DIRECTIONS: "exists" is the word to look for; copy each line of the listing where it occurs.
------------------------------
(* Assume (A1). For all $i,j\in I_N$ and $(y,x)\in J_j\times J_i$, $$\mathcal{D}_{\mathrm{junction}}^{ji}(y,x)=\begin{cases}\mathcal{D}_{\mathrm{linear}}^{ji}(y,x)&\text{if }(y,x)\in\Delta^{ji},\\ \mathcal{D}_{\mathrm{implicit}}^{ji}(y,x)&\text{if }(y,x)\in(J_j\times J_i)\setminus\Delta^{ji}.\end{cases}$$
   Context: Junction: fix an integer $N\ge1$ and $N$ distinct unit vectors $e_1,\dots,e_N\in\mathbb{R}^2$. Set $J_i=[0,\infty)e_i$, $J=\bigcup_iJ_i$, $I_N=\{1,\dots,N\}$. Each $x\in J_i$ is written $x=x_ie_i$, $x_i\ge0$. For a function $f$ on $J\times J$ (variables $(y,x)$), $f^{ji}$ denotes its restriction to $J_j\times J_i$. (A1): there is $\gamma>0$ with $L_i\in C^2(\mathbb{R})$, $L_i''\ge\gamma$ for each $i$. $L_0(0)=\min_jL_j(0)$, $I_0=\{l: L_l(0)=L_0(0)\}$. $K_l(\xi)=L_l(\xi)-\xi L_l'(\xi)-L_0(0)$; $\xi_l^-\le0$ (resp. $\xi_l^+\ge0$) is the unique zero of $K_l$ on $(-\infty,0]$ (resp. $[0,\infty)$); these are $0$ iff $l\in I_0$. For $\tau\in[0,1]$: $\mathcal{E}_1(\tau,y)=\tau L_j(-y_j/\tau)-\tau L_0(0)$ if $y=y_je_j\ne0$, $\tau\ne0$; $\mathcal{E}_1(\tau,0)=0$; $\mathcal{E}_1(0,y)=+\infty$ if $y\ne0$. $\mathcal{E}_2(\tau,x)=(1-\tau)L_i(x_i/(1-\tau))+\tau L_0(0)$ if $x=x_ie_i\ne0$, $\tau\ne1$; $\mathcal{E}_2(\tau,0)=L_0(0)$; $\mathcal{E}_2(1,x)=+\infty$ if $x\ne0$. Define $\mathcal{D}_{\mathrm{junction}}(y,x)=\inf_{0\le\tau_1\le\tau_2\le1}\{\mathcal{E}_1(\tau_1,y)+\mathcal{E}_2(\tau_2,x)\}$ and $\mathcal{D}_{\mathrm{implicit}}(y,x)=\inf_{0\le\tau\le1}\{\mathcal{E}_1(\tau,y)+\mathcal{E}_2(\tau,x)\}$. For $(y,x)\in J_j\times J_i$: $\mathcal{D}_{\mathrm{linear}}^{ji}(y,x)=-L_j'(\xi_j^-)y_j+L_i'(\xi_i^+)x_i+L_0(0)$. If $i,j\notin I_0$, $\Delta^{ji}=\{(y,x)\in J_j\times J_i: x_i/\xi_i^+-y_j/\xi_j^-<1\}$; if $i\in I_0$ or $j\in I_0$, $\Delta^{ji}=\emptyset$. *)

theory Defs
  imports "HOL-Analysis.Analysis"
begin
------------------------------
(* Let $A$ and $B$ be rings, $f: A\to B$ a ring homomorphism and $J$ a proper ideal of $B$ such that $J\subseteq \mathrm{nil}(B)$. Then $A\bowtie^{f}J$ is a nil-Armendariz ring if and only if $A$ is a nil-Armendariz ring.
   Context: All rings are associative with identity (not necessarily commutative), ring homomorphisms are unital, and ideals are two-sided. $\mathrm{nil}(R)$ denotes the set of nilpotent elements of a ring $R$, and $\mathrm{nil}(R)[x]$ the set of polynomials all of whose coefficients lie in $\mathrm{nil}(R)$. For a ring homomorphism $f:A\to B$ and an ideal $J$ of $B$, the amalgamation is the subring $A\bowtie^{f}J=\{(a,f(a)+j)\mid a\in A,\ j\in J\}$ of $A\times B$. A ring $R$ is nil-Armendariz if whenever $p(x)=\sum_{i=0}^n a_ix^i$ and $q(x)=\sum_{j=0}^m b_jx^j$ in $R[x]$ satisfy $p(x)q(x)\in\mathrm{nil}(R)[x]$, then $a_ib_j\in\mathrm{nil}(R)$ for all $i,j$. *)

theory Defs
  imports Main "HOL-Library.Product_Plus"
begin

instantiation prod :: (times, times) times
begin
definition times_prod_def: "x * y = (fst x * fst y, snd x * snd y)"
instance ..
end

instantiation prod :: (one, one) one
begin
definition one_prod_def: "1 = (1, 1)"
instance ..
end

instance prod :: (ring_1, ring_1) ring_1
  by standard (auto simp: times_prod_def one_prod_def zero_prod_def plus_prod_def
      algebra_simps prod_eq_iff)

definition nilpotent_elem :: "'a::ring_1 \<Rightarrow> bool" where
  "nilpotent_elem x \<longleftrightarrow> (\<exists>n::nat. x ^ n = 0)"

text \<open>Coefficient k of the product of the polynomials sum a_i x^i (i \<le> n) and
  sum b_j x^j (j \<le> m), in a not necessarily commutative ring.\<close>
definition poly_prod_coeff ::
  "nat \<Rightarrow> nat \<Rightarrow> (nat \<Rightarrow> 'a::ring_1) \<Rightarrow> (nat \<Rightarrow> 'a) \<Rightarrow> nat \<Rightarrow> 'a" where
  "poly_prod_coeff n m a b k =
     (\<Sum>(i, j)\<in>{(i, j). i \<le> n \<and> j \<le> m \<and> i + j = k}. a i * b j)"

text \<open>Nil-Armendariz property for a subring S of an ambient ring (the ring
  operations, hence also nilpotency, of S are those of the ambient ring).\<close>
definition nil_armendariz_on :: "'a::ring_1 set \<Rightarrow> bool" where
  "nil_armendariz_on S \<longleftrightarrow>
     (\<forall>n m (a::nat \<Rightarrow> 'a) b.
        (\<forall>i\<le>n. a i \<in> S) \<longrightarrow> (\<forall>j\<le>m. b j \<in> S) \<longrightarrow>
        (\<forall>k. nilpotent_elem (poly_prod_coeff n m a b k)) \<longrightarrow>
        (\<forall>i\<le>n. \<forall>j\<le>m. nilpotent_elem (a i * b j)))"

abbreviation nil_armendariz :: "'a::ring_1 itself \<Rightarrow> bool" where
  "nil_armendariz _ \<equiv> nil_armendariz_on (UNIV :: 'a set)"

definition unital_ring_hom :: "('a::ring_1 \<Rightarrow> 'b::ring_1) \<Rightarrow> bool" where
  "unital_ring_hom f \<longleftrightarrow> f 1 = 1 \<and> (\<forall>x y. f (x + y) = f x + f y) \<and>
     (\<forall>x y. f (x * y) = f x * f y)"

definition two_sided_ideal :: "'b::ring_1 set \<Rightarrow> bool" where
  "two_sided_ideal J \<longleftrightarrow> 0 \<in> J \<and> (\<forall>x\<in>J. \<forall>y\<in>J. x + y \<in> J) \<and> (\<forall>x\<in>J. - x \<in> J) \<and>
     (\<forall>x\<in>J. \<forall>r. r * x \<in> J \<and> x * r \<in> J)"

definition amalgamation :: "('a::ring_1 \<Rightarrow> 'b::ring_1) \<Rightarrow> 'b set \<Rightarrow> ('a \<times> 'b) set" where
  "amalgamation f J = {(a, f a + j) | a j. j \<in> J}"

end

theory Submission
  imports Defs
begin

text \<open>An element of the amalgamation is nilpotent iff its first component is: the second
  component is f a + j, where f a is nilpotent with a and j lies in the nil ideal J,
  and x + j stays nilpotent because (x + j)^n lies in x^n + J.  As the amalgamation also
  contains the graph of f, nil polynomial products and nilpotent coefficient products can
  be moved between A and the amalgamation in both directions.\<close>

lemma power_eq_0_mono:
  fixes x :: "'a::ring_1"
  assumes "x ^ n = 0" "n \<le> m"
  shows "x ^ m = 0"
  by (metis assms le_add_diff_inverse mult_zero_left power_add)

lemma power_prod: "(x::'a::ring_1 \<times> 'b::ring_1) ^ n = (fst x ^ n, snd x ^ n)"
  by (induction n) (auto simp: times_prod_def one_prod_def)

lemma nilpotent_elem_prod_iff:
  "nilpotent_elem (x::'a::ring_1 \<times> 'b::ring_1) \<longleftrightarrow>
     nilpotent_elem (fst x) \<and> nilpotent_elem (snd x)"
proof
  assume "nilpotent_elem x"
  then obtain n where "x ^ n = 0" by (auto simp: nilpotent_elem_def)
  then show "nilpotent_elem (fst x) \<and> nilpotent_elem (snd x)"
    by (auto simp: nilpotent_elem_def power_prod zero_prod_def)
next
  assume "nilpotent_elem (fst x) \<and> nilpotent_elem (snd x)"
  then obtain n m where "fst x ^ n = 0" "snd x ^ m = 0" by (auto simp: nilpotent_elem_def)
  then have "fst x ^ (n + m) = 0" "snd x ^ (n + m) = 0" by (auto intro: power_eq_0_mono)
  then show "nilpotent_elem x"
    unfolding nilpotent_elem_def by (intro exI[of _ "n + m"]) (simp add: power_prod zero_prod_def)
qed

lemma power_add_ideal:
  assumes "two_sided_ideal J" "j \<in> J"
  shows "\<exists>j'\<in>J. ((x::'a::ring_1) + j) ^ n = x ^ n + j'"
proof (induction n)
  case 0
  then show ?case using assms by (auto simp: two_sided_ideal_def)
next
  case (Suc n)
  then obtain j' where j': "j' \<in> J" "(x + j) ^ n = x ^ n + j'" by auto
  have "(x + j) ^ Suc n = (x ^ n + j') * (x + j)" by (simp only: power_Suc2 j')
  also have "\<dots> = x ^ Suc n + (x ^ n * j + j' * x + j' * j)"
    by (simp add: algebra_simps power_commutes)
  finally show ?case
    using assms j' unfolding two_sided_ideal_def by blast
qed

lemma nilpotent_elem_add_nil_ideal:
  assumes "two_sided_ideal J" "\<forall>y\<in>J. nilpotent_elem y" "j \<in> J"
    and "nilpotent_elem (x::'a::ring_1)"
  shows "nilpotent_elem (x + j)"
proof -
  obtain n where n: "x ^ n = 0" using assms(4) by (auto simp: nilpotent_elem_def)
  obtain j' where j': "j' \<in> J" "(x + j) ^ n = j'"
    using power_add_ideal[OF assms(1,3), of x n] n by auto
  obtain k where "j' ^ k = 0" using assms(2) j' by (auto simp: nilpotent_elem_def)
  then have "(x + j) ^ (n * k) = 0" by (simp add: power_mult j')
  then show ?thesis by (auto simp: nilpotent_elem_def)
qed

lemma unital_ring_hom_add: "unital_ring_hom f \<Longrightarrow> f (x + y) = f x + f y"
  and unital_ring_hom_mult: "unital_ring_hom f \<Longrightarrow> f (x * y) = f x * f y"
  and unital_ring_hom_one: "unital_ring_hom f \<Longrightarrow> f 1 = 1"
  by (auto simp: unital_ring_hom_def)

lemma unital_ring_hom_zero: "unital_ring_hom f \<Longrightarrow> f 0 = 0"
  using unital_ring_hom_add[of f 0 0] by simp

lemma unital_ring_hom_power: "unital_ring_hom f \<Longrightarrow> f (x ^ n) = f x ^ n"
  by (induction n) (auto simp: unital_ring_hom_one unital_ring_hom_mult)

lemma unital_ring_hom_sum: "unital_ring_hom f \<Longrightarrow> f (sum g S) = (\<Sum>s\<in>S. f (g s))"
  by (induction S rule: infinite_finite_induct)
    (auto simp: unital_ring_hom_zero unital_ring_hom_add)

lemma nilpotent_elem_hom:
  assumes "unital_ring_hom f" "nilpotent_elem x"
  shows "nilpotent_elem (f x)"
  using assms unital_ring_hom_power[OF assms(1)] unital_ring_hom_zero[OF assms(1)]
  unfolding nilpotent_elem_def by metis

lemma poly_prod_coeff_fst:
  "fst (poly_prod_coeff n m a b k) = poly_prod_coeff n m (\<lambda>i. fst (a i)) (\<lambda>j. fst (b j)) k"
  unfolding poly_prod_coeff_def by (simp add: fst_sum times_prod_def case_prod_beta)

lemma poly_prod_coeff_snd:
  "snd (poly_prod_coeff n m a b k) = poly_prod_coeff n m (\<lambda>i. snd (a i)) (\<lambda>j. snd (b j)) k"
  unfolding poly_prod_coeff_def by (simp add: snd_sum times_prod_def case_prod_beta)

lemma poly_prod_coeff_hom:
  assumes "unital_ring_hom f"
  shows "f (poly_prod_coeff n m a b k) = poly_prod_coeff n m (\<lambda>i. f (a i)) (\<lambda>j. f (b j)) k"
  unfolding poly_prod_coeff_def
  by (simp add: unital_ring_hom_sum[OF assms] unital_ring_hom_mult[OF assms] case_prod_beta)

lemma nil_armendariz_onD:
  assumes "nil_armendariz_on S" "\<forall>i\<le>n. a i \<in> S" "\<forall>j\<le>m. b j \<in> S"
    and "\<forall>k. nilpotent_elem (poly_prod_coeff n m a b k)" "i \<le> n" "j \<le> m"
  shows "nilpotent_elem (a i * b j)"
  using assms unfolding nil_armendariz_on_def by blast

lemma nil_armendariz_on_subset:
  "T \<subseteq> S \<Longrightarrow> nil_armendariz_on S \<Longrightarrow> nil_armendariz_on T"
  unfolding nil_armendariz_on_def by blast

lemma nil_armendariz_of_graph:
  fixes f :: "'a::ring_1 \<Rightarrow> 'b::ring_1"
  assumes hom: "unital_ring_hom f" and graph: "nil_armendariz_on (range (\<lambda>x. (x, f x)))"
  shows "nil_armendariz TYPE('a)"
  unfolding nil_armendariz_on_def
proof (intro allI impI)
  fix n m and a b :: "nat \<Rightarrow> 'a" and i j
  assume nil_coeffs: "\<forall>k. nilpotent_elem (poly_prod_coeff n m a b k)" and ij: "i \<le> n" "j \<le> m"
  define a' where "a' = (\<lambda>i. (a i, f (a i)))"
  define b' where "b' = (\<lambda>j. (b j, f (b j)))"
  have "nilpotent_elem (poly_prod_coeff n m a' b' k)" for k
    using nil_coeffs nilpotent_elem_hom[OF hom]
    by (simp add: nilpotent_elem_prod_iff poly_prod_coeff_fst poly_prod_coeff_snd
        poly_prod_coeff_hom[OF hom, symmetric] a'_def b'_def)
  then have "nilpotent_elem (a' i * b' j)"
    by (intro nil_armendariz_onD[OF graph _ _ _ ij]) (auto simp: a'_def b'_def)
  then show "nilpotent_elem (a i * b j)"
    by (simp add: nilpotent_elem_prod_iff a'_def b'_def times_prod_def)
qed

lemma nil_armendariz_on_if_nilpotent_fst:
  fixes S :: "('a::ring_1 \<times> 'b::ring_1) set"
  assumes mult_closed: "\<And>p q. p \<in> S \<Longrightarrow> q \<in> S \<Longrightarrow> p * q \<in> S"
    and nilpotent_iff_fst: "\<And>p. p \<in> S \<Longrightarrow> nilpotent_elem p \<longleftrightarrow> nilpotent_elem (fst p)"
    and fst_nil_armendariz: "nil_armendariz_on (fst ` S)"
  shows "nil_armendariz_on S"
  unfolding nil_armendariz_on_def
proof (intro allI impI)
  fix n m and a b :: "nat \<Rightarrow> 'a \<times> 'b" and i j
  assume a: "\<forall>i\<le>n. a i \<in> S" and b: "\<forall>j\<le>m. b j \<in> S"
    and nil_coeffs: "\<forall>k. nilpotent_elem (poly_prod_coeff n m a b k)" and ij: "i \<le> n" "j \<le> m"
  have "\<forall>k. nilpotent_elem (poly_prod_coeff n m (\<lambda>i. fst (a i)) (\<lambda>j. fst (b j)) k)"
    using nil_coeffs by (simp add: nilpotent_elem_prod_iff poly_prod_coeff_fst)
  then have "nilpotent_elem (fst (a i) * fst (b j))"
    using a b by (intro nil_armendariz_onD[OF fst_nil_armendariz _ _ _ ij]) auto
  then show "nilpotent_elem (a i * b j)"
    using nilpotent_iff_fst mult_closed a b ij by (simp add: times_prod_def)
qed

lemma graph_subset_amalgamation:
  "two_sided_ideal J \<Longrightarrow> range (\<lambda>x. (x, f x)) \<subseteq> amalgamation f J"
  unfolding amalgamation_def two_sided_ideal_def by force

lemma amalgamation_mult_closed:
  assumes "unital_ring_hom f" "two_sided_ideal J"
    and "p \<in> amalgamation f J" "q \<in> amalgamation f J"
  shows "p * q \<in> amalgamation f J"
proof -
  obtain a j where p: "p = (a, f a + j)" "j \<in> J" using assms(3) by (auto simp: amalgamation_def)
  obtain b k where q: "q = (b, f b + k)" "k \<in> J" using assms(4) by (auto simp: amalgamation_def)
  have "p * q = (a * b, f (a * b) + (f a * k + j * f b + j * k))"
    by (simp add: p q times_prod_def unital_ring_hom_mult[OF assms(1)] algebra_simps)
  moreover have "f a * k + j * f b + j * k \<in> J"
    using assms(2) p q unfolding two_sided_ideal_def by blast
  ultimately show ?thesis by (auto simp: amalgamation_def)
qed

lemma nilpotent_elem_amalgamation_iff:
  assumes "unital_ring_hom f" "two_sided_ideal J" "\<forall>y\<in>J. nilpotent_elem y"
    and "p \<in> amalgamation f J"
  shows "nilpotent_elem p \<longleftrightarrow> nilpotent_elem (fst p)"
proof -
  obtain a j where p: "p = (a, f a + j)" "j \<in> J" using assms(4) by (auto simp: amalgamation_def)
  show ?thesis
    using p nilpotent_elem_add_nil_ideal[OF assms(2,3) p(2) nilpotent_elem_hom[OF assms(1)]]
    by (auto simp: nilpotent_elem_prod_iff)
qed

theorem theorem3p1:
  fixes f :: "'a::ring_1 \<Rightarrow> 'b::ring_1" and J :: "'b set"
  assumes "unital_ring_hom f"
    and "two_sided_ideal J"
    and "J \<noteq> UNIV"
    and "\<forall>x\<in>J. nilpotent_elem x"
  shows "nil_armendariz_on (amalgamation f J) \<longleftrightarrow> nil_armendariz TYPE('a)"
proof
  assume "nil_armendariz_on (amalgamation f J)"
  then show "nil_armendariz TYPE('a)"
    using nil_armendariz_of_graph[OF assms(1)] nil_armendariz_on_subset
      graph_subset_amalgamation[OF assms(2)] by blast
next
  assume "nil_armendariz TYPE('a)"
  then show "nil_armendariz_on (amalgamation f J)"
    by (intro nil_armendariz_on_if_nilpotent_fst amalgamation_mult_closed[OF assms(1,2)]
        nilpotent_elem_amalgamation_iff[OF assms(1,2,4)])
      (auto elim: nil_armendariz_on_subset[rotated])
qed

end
------------------------------
SOLUTION BELOW:
  "nilpotent_elem x \<longleftrightarrow> (\<exists>n::nat. x ^ n = 0)"
  shows "\<exists>j'\<in>J. ((x::'a::ring_1) + j) ^ n = x ^ n + j'"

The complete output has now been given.